## Task statement
Only these lines of the data below are wanted: the one with "fix r :: real", the one with "by (simp add: sum.union_disjoint)", and any lines between them, each repeated exactly.
──────── Data for processing ────────
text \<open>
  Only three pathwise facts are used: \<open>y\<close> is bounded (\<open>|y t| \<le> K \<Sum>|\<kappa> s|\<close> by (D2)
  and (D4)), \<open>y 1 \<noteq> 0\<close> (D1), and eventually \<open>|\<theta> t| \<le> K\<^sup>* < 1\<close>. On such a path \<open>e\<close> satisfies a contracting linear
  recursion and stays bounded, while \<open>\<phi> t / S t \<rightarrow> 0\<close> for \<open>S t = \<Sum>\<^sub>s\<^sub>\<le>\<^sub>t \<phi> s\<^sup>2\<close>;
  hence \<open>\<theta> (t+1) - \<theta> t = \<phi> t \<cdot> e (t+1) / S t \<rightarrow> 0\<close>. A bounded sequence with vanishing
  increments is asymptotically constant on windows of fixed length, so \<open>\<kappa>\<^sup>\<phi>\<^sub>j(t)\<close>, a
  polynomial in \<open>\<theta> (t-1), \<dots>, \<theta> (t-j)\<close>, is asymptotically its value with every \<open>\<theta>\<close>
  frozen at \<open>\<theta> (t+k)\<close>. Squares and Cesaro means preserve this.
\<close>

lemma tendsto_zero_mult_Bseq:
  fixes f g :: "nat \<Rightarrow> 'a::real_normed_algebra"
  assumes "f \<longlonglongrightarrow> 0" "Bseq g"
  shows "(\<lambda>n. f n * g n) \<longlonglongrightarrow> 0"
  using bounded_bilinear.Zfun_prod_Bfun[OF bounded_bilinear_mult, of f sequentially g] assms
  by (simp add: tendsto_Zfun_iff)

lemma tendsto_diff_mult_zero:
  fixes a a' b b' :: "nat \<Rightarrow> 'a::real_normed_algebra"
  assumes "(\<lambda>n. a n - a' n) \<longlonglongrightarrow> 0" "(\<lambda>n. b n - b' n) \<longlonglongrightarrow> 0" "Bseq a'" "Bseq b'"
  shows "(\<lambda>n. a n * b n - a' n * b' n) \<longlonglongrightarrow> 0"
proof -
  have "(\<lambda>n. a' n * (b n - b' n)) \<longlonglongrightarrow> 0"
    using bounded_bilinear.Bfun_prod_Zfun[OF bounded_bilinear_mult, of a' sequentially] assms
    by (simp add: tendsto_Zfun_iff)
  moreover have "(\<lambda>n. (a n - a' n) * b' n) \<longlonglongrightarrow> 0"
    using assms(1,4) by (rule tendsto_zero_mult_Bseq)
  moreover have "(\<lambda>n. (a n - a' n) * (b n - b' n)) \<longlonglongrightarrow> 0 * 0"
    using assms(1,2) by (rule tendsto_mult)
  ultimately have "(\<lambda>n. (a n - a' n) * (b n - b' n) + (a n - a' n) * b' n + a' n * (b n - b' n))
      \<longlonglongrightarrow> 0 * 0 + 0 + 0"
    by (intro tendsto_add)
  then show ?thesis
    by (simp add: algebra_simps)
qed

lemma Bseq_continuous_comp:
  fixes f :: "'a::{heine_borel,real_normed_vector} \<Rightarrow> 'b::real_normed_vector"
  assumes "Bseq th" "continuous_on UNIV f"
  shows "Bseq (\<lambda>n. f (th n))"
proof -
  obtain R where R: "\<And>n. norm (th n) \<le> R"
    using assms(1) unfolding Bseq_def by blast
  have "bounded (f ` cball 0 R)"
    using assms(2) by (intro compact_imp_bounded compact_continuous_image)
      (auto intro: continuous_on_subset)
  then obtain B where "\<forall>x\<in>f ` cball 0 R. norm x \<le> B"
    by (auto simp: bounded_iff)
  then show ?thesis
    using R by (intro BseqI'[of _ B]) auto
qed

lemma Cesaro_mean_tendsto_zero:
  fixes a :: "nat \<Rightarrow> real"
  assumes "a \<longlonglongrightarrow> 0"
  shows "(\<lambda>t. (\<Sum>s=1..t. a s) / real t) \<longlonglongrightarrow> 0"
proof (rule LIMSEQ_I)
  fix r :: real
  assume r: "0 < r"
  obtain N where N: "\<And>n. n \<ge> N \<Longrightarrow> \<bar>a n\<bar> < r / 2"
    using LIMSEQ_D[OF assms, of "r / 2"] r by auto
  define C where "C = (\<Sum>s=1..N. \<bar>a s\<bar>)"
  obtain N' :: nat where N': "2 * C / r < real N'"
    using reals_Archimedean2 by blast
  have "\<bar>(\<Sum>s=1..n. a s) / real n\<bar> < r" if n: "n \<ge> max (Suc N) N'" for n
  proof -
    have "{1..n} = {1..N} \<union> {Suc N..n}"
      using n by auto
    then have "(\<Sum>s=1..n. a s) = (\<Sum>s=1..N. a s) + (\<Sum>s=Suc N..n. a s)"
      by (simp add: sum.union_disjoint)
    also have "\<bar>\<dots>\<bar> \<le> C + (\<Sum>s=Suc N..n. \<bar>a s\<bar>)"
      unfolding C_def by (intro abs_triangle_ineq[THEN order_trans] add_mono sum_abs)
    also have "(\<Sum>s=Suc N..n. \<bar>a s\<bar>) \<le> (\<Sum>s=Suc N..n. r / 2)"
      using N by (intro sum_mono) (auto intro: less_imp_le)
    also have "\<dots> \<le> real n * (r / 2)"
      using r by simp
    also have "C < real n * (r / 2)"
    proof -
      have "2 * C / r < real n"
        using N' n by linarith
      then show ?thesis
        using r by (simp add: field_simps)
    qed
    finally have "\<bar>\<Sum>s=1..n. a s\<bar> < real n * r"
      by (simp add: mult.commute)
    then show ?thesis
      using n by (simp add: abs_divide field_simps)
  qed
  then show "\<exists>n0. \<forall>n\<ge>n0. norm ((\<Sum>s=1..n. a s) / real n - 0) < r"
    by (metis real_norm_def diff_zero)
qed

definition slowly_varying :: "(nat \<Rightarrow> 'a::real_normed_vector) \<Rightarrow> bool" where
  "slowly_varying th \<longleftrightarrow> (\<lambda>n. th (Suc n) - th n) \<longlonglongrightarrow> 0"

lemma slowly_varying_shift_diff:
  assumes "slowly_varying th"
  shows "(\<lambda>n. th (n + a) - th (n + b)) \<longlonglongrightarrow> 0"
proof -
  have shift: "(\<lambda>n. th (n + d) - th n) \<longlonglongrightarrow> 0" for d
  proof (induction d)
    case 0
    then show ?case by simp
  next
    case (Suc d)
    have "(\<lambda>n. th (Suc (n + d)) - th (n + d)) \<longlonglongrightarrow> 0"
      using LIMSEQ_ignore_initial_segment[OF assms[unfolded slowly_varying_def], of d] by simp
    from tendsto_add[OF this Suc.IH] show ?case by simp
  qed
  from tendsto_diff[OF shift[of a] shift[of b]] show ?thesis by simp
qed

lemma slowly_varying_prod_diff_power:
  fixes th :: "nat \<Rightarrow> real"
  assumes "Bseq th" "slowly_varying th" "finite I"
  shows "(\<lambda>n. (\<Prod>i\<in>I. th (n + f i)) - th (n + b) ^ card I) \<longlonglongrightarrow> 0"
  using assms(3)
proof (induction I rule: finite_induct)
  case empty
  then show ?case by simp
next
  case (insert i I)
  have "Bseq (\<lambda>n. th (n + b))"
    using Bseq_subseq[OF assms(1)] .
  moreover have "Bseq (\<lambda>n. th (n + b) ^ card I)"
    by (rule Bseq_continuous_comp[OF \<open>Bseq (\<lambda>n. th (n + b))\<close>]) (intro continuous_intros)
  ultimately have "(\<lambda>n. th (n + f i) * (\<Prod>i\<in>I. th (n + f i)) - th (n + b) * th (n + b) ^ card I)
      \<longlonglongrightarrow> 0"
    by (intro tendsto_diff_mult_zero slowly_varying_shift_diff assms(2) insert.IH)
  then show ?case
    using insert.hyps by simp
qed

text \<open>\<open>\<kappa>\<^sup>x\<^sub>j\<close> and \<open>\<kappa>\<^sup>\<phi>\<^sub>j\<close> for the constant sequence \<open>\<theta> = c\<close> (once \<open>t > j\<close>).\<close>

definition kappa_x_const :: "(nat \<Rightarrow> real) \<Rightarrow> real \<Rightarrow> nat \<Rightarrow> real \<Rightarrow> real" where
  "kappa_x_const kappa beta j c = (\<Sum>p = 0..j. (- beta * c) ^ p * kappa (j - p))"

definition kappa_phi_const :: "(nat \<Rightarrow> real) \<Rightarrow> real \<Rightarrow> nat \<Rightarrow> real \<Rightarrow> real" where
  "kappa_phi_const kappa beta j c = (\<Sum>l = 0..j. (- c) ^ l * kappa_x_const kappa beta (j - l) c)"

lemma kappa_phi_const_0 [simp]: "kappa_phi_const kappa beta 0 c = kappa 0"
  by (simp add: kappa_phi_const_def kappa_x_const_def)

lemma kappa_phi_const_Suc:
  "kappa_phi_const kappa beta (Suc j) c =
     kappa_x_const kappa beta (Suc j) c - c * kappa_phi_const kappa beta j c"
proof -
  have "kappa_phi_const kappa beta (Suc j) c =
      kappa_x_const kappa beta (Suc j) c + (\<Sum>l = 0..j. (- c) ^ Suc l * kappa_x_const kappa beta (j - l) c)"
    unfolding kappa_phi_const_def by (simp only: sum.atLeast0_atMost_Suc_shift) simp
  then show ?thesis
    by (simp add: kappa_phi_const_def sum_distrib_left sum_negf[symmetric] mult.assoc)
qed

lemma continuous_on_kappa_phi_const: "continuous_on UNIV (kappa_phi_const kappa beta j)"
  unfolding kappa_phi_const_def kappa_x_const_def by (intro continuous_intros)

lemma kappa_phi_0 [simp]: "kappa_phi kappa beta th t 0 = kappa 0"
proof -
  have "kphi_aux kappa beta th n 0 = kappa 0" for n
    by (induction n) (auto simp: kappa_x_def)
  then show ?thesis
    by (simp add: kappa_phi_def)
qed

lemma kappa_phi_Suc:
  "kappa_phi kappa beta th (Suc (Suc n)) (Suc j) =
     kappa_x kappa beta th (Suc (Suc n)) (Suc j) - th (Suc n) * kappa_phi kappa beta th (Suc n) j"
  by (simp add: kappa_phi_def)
────────
## Response area
  fix r :: real
  assume r: "0 < r"
  obtain N where N: "\<And>n. n \<ge> N \<Longrightarrow> \<bar>a n\<bar> < r / 2"
    using LIMSEQ_D[OF assms, of "r / 2"] r by auto
  define C where "C = (\<Sum>s=1..N. \<bar>a s\<bar>)"
  obtain N' :: nat where N': "2 * C / r < real N'"
    using reals_Archimedean2 by blast
  have "\<bar>(\<Sum>s=1..n. a s) / real n\<bar> < r" if n: "n \<ge> max (Suc N) N'" for n
  proof -
    have "{1..n} = {1..N} \<union> {Suc N..n}"
      using n by auto
    then have "(\<Sum>s=1..n. a s) = (\<Sum>s=1..N. a s) + (\<Sum>s=Suc N..n. a s)"
      by (simp add: sum.union_disjoint)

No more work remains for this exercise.